To overcome these challenges and create high quality responses, a new approach is needed to mediate between different types of GenAI models, users or systems that make use of GenAI, and telco data. By isolating proprietary data from direct access public models, new techniques can be used to enrich GenAI models with the right data, context, instructions and knowledge it needs – in a safe and secure way. Using this new approach, it’s anticipated that immediate GenAI use cases will be in customer care, with GenAI digital assistants along with agent support providing immediate call centre efficiency benefits, as well as digital operations technicians to automate many manual tasks of today.

With the potential of significant productivity gains across business domains, including sales, marketing, business operations, and network operations, it’s not surprising that GenAI is now a topic of discussion in boardrooms. Fundamental to the discussions is their ability to rapidly form teams to accelerate the adoption of GenAI across the business.

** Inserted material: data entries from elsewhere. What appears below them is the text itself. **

theorem corollary3:
  shows "\<exists>c>0. \<forall>(\<epsilon>::real) (\<beta>::real) (K::nat) (T::nat) (N::nat) (A::learner).
    \<epsilon> > 0 \<longrightarrow> \<beta> > 0 \<longrightarrow> K \<ge> 1 \<longrightarrow> T \<ge> 1 \<longrightarrow>
    real N \<ge> 3 * real K * (real T)^2 / \<beta> \<longrightarrow>
    online_learner N T A \<longrightarrow> dp_learner \<epsilon> N T A \<longrightarrow> outputs_in_PointK N K T A \<longrightarrow>
    (\<exists>i<N. \<exists>xs. length xs = T \<and> set xs \<subseteq> {..<N} \<and>
       expected_mistakes A i xs \<ge> c * min (ln (real T / \<beta>) / \<epsilon>) (real T))"
proof (intro exI[of _ "2/3"] conjI allI impI)
  fix \<epsilon> \<beta> :: real and K T N :: nat and A :: learner
  assume "\<epsilon> > 0" "\<beta> > 0" "K \<ge> 1" "T \<ge> 1" and N_large: "real N \<ge> 3 * real K * (real T)^2 / \<beta>"
    and learner: "online_learner N T A" "dp_learner \<epsilon> N T A" "outputs_in_PointK N K T A"
  have "0 < 3 * real K * (real T)^2 / \<beta>"
    using \<open>\<beta> > 0\<close> \<open>K \<ge> 1\<close> \<open>T \<ge> 1\<close> by simp
  then have "N > 0"
    using N_large by simp
  then obtain i where "i < N"
    and "2/3 * min (ln (real T / \<beta>) / \<epsilon>) (real T) \<le> expected_mistakes A i (replicate T i)"
    using exists_target_with_many_mistakes \<open>\<epsilon> > 0\<close> \<open>\<beta> > 0\<close> \<open>T \<ge> 1\<close> N_large learner by blast
  then show "\<exists>i<N. \<exists>xs. length xs = T \<and> set xs \<subseteq> {..<N} \<and>
      2/3 * min (ln (real T / \<beta>) / \<epsilon>) (real T) \<le> expected_mistakes A i xs"
    by (intro exI[of _ i] conjI exI[of _ "replicate T i"]) auto
qed simp

end
lemma power2_norm_add_le:
  fixes a b :: "'a::real_normed_vector"
  shows "(norm (a + b))^2 \<le> 2 * (norm a)^2 + 2 * (norm b)^2"
proof -
  have "(norm (a + b))^2 \<le> (norm a + norm b)^2"
    by (intro power_mono norm_triangle_ineq) simp
  also have "\<dots> \<le> 2 * (norm a)^2 + 2 * (norm b)^2"
    using zero_le_power2[of "norm a - norm b"] by (simp add: power2_eq_square algebra_simps)
  finally show ?thesis .
qed

lemma integral_power2_norm_add_le:
  fixes a b :: "'s \<Rightarrow> 'a::real_normed_vector"
  assumes "integrable D (\<lambda>s. (norm (a s + b s))^2)"
    and "integrable D (\<lambda>s. (norm (a s))^2)" "integrable D (\<lambda>s. (norm (b s))^2)"
  shows "(\<integral>s. (norm (a s + b s))^2 \<partial>D) \<le> 2 * (\<integral>s. (norm (a s))^2 \<partial>D) + 2 * (\<integral>s. (norm (b s))^2 \<partial>D)"
proof -
  have "(\<integral>s. (norm (a s + b s))^2 \<partial>D) \<le> (\<integral>s. 2 * (norm (a s))^2 + 2 * (norm (b s))^2 \<partial>D)"
    using assms by (intro integral_mono power2_norm_add_le) auto
  also have "\<dots> = 2 * (\<integral>s. (norm (a s))^2 \<partial>D) + 2 * (\<integral>s. (norm (b s))^2 \<partial>D)"
    using assms(2,3) by simp
  finally show ?thesis .
qed

lemma square_integrable_imp_integrable_vector:
  fixes v :: "'s \<Rightarrow> 'a::{banach, second_countable_topology}"
  assumes "finite_measure D" "v \<in> borel_measurable D" "integrable D (\<lambda>s. (norm (v s))^2)"
  shows "integrable D v"
proof -
  interpret finite_measure D by fact
  have "(\<lambda>s. norm (v s)) \<in> borel_measurable D" using assms(2) by measurable
  then have "integrable D (\<lambda>s. norm (v s))"
    using assms(3) by (rule square_integrable_imp_integrable)
  then show ?thesis using assms(2) by (simp add: integrable_norm_iff)
qed

lemma integrable_power2_norm_affine:
  fixes v :: "'s \<Rightarrow> 'a::real_normed_vector" and T :: "'a \<Rightarrow> 'b::real_normed_vector"
  assumes "finite_measure D" and meas: "v \<in> borel_measurable D"
    and sq: "integrable D (\<lambda>s. (norm (v s))^2)" and T: "bounded_linear T"
  shows "integrable D (\<lambda>s. (norm (c + T (v s)))^2)"
proof -
  interpret finite_measure D by fact
  obtain K where K: "\<And>x. norm (T x) \<le> norm x * K"
    using bounded_linear.pos_bounded[OF T] by blast
  have bound: "(norm (c + T y))^2 \<le> 2 * (norm c)^2 + 2 * K^2 * (norm y)^2" for y
  proof -
    have "(norm (c + T y))^2 \<le> 2 * (norm c)^2 + 2 * (norm (T y))^2" by (rule power2_norm_add_le)
    also have "(norm (T y))^2 \<le> (norm y * K)^2" by (intro power_mono K) simp
    finally show ?thesis by (simp add: power_mult_distrib mult_ac)
  qed
  have cont: "continuous_on UNIV (\<lambda>y. (norm (c + T y))^2)"
    by (intro continuous_intros linear_continuous_on T)
  show ?thesis
  proof (rule Bochner_Integration.integrable_bound[of _ "\<lambda>s. 2 * (norm c)^2 + 2 * K^2 * (norm (v s))^2"])
    show "integrable D (\<lambda>s. 2 * (norm c)^2 + 2 * K^2 * (norm (v s))^2)"
      using sq by (intro Bochner_Integration.integrable_add integrable_const integrable_mult_right)
    show "(\<lambda>s. (norm (c + T (v s)))^2) \<in> borel_measurable D"
      by (rule borel_measurable_continuous_on[OF cont meas])
    show "AE s in D. norm ((norm (c + T (v s)))^2) \<le> norm (2 * (norm c)^2 + 2 * K^2 * (norm (v s))^2)"
      using bound by (intro AE_I2) (auto intro: order_trans[OF _ abs_ge_self])
  qed
qed
lemma nat_intermed_val_descending:
  fixes f :: "nat \<Rightarrow> nat"
  assumes "\<forall>p<q. f p \<le> Suc (f (Suc p))" "f q \<le> i" "i \<le> f 0"
  shows "\<exists>p\<le>q. f p = i"
  using assms
proof (induction q)
  case (Suc q)
  show ?case
  proof (cases "f q \<le> i")
    case True
    with Suc obtain p where "p \<le> q" "f p = i" by auto
    then show ?thesis using le_SucI by blast
  next
    case False
    have "f q \<le> Suc (f (Suc q))" using Suc.prems(1) by simp
    with False Suc.prems(2) have "f (Suc q) = i" by linarith
    then show ?thesis by blast
  qed
qed auto

lemma KI_track_visits_blocks:
  assumes sc: "successively (\<lambda>a b. (a, b) \<in> KI_delta n j) \<rho>"
    and "S0 \<in> set \<rho>" "i \<le> state_block (\<rho> ! 0)"
  shows "\<exists>w\<in>set \<rho>. state_block w = i"
proof -
  obtain q0 where q0: "q0 < length \<rho>" "\<rho> ! q0 = S0"
    using assms(2) by (auto simp: in_set_conv_nth)
  have "state_block (\<rho> ! p) \<le> Suc (state_block (\<rho> ! Suc p))" if "p < q0" for p
  proof -
    from that q0(1) have "Suc p < length \<rho>" by linarith
    then show ?thesis using successively_nth[OF sc] KI_delta_block_le by blast
  qed
  then obtain p where "p \<le> q0" "state_block (\<rho> ! p) = i"
    using nat_intermed_val_descending[of q0 "\<lambda>p. state_block (\<rho> ! p)" i] q0(2) assms(3) by auto
  with q0(1) show ?thesis by (metis le_less_trans nth_mem)
qed

lemma KI_track_descends:
  assumes sc: "successively (\<lambda>a b. (a, b) \<in> KI_delta n j) \<rho>"
    and no_Sbar: "\<forall>w\<in>set \<rho>. \<forall>i. w \<noteq> Sbar i"
    and "0 < q" "q < length \<rho>" "\<rho> ! q \<noteq> S0"
  shows "state_block (\<rho> ! q) < state_block (\<rho> ! 0) \<or>
    state_block (\<rho> ! q) = state_block (\<rho> ! 0) \<and> state_layer (\<rho> ! 0) < state_layer (\<rho> ! q)"
  using assms(3-5)
proof (induction q)
  case (Suc q)
  have edge: "(\<rho> ! q, \<rho> ! Suc q) \<in> KI_delta n j"
    using successively_nth[OF sc] Suc.prems by simp
  then have "\<rho> ! q \<noteq> S0" using Suc.prems(3) KI_delta_from_S0 by metis
  moreover have "\<forall>i. \<rho> ! q \<noteq> Sbar i" "\<forall>i. \<rho> ! Suc q \<noteq> Sbar i"
    using no_Sbar Suc.prems(2) by auto
  ultimately have step: "state_block (\<rho> ! Suc q) < state_block (\<rho> ! q) \<or>
    state_block (\<rho> ! Suc q) = state_block (\<rho> ! q) \<and> state_layer (\<rho> ! q) < state_layer (\<rho> ! Suc q)"
    using KI_delta_descends[OF edge] Suc.prems(3) by blast
  show ?case
  proof (cases q)
    case 0
    with step show ?thesis by simp
  next
    case (Suc q')
    with Suc.IH Suc.prems \<open>\<rho> ! q \<noteq> S0\<close> have
      "state_block (\<rho> ! q) < state_block (\<rho> ! 0) \<or>
       state_block (\<rho> ! q) = state_block (\<rho> ! 0) \<and> state_layer (\<rho> ! 0) < state_layer (\<rho> ! q)"
      by simp
    with step show ?thesis by auto
  qed
qed simp

lemma KI_track_from_Wx_avoids_Wxbar:
  assumes sc: "successively (\<lambda>a b. (a, b) \<in> KI_delta n j) \<rho>"
    and no_Sbar: "\<forall>w\<in>set \<rho>. \<forall>i. w \<noteq> Sbar i" and "\<rho> ! 0 = Wx r"
  shows "Wxbar r \<notin> set \<rho>"
proof
  assume "Wxbar r \<in> set \<rho>"
  then obtain q where q: "q < length \<rho>" "\<rho> ! q = Wxbar r" by (auto simp: in_set_conv_nth)
  moreover have "0 < q" using q assms(3) by (cases q) auto
  ultimately show False using KI_track_descends[OF sc no_Sbar, of q] assms(3) by simp
qed

definition track_val :: "state list \<Rightarrow> var \<Rightarrow> bool" where
  "track_val \<rho> = (\<lambda>v. case v of X m \<Rightarrow> Wxbar m \<notin> set \<rho> | Z a b \<Rightarrow> Wzbar a b \<notin> set \<rho>)"

lemma sat_with_track_val: "peval (track_val \<rho>) f \<Longrightarrow> sat_with f (\<lambda>m. Wxbar m \<notin> set \<rho>)"
  unfolding sat_with_def track_val_def by blast

lemma hs_sat_ptrans_F:
  assumes "snsat_wf n j F" "1 \<le> i" "i \<le> n"
  shows "hs_sat (KI n j) \<rho> (ptrans (F i)) \<longleftrightarrow> peval (track_val \<rho>) (F i)"
  unfolding hs_sat_ptrans
  by (rule peval_F_cong[OF assms]) (use assms(2,3) in \<open>auto simp: track_val_def PX_in_KI_mu PZ_in_KI_mu\<close>)

lemma hs_sat_some_PXbar:
  "hs_sat (KI n j) \<rho> (HBigOr (map (\<lambda>i. HA (HProp (PXbar i))) [1..<n+1])) \<longleftrightarrow>
   (\<exists>i. 1 \<le> i \<and> i \<le> n \<and> last \<rho> = Wxbar i)"
proof
  assume "hs_sat (KI n j) \<rho> (HBigOr (map (\<lambda>i. HA (HProp (PXbar i))) [1..<n+1]))"
  then obtain i \<rho>' where "1 \<le> i" "i \<le> n" "is_track (KI n j) \<rho>'" "hd \<rho>' = last \<rho>"
    and "\<forall>w\<in>set \<rho>'. PXbar i \<in> KI_mu n j w"
    by (auto simp: hs_sat_HBigOr)
  moreover from \<open>is_track (KI n j) \<rho>'\<close> have "hd \<rho>' \<in> set \<rho>'" by (simp add: is_track_def)
  ultimately show "\<exists>i. 1 \<le> i \<and> i \<le> n \<and> last \<rho> = Wxbar i"
    by (auto simp: PXbar_in_KI_mu)
next
  assume "\<exists>i. 1 \<le> i \<and> i \<le> n \<and> last \<rho> = Wxbar i"
  then obtain i where i: "1 \<le> i" "i \<le> n" "last \<rho> = Wxbar i" by blast
  then have "is_track (KI n j) [Wxbar i]" by (auto simp: is_track_def KI_W_def)
  with i show "hs_sat (KI n j) \<rho> (HBigOr (map (\<lambda>i. HA (HProp (PXbar i))) [1..<n+1]))"
    by (auto simp: hs_sat_HBigOr PXbar_in_KI_mu intro!: bexI[of _ i] exI[of _ "[Wxbar i]"])
qed

lemma hs_sat_detour_iff:
  assumes i: "1 \<le> i" "i \<le> n" and last: "last \<rho> = Wxbar i"
  shows "hs_sat (KI n j) \<rho> (HA (HAnd (HNeg (HProp Ps)) (HAnd len2 (HA (HAnd len2 (HNeg \<psi>))))))
    \<longleftrightarrow> \<not> hs_sat (KI n j) [Sbar i, Wx i] \<psi>"
proof
  assume "hs_sat (KI n j) \<rho> (HA (HAnd (HNeg (HProp Ps)) (HAnd len2 (HA (HAnd len2 (HNeg \<psi>))))))"
  then obtain \<rho>1 \<rho>2 where \<rho>1: "is_track (KI n j) \<rho>1" "hd \<rho>1 = Wxbar i" "length \<rho>1 = 2"
      "\<exists>w\<in>set \<rho>1. Ps \<notin> KI_mu n j w"
    and \<rho>2: "is_track (KI n j) \<rho>2" "hd \<rho>2 = last \<rho>1" "length \<rho>2 = 2" "\<not> hs_sat (KI n j) \<rho>2 \<psi>"
    using last by (auto simp: hs_sat_len2)
  obtain b where "\<rho>1 = [Wxbar i, b]"
    using \<rho>1(2,3) by (auto simp: numeral_2_eq_2 length_Suc_conv)
  with \<rho>1 have "\<rho>1 = [Wxbar i, Sbar i]"
    by (auto simp: Ps_in_KI_mu is_track_pair dest: KI_delta_into_Sbar)
  moreover obtain d where "\<rho>2 = [Sbar i, d]"
    using \<rho>2(2,3) calculation by (auto simp: numeral_2_eq_2 length_Suc_conv)
  ultimately show "\<not> hs_sat (KI n j) [Sbar i, Wx i] \<psi>"
    using \<rho>2(1,4) by (auto simp: is_track_pair dest: KI_delta_from_Sbar)
next
  assume "\<not> hs_sat (KI n j) [Sbar i, Wx i] \<psi>"
  then show "hs_sat (KI n j) \<rho> (HA (HAnd (HNeg (HProp Ps)) (HAnd len2 (HA (HAnd len2 (HNeg \<psi>))))))"
    unfolding hs_sat.simps hs_sat_len2
    using is_track_detour[OF i, of j] last
    by (intro exI[of _ "[Wxbar i, Sbar i]"] conjI exI[of _ "[Sbar i, Wx i]"]) (auto simp: Ps_in_KI_mu)
qed

lemma hs_sat_phi_body_iff:
  assumes wf: "snsat_wf n j F"
  shows "hs_sat (KI n j) \<rho> (phi_body n F (psi n F k)) \<longleftrightarrow>
    (\<forall>w\<in>set \<rho>. \<forall>i. w \<noteq> Sbar i) \<and> S0 \<in> set \<rho> \<and>
    (\<forall>i. 1 \<le> i \<and> i \<le> n \<and> Wxbar i \<notin> set \<rho> \<and> (\<exists>w\<in>set \<rho>. state_block w = i) \<longrightarrow>
      peval (track_val \<rho>) (F i)) \<and>
    (\<forall>q i. Suc q < length \<rho> \<and> 1 \<le> i \<and> i \<le> n \<and> \<rho> ! q = Wxbar i \<longrightarrow>
      \<not> hs_sat (KI n j) [Wx i] (psi n F k))"
proof -
  have labels: "hs_sat (KI n j) \<rho> (HProp Ps) \<and> hs_sat (KI n j) \<rho> (HNeg (HProp Pt)) \<longleftrightarrow>
    (\<forall>w\<in>set \<rho>. \<forall>i. w \<noteq> Sbar i) \<and> S0 \<in> set \<rho>"
    by (auto simp: Ps_in_KI_mu Pt_in_KI_mu)
  have checks: "hs_sat (KI n j) \<rho>
      (HBigAnd (map (\<lambda>i. HImp (HAnd (HProp (PX i)) (HNeg (HProp (PR i)))) (ptrans (F i))) [1..<n+1]))
    \<longleftrightarrow> (\<forall>i. 1 \<le> i \<and> i \<le> n \<and> Wxbar i \<notin> set \<rho> \<and> (\<exists>w\<in>set \<rho>. state_block w = i) \<longrightarrow>
      peval (track_val \<rho>) (F i))"
    by (auto simp: hs_sat_HBigAnd hs_sat_HImp hs_sat_ptrans_F[OF wf] PX_in_KI_mu PR_in_KI_mu
        simp del: upt_Suc)
  have detour: "hs_sat (KI n j) \<rho>'
      (HImp (HBigOr (map (\<lambda>i. HA (HProp (PXbar i))) [1..<n+1]))
        (HA (HAnd (HNeg (HProp Ps)) (HAnd len2 (HA (HAnd len2 (HNeg (psi n F k))))))))
    \<longleftrightarrow> (\<forall>i. 1 \<le> i \<and> i \<le> n \<and> last \<rho>' = Wxbar i \<longrightarrow> \<not> hs_sat (KI n j) [Wx i] (psi n F k))"
    for \<rho>'
  proof -
    have "hs_sat (KI n j) \<rho>' (HA (HAnd (HNeg (HProp Ps)) (HAnd len2 (HA (HAnd len2 (HNeg (psi n F k)))))))
      \<longleftrightarrow> \<not> hs_sat (KI n j) [Wx i] (psi n F k)" if "1 \<le> i" "i \<le> n" "last \<rho>' = Wxbar i" for i
      using hs_sat_detour_iff[OF that] hs_sat_psi_last[of "KI n j" "[Sbar i, Wx i]"] by simp
    then show ?thesis
      unfolding hs_sat_HImp hs_sat_some_PXbar by blast
  qed
  have "(\<forall>p. 1 \<le> p \<and> p < length \<rho> \<longrightarrow> P p) \<longleftrightarrow> (\<forall>q. Suc q < length \<rho> \<longrightarrow> P (Suc q))" for P
    by (auto dest: Suc_le_D)
  then have guard: "hs_sat (KI n j) \<rho>
      (HBoxB (HImp (HBigOr (map (\<lambda>i. HA (HProp (PXbar i))) [1..<n+1]))
        (HA (HAnd (HNeg (HProp Ps)) (HAnd len2 (HA (HAnd len2 (HNeg (psi n F k)))))))))
    \<longleftrightarrow> (\<forall>q i. Suc q < length \<rho> \<and> 1 \<le> i \<and> i \<le> n \<and> \<rho> ! q = Wxbar i \<longrightarrow>
      \<not> hs_sat (KI n j) [Wx i] (psi n F k))"
    unfolding hs_sat_HBoxB detour by (auto simp: last_take_Suc)
  show ?thesis
    unfolding phi_body_def hs_sat.simps(3) using labels checks guard by blast
qed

Capture the value and benefits of GenAI

By harnessing the value of GenAI and BSS/OSS data, operators will be able to:

1. Reduce costs: By improving first-contact resolution and reducing cost per contact, customer support costs will significantly decrease, while the quality of the customer experience will greatly improve. On the network and business operational side, staff will be used more efficiently.

2. Enrich provisioning and troubleshooting support: With GenAI, digital assistants can be used to provide real-time support for provisioning and maintenance. It can also provide troubleshooting assistance for premise-based network problems, which can be personalised based on intelligent customer segmentation.

3. Increase revenue: Through the rapid creation of business ideas such as offers, promotions, and discounts, telcos will be able to close deals faster, as well as quickly design and test new services, increasing revenue.

4. Improve prediction and optimisation: Using GenAI to produce synthetic data, a sparse data set for model training of predictive maintenance or the detection of unusual calling patterns indicating fraud will be greatly improved. Additionally, the generation of new data has a wider implication in the training of predictive models and improving the optimisation of systems.

5. Deliver exceptional customer experiences: The data GenAI pulls from the operator’s BSS/OSS will result in higher net promoter scores, enhanced customer satisfaction, and improved customer effort scores.

For operators to unlock the full potential of GenAI, integration of their BSS/OSS, as well as developing new approaches and ways of thinking will be key. With its extraordinary capabilities, GenAI is set to transform and revolutionise the telco industry.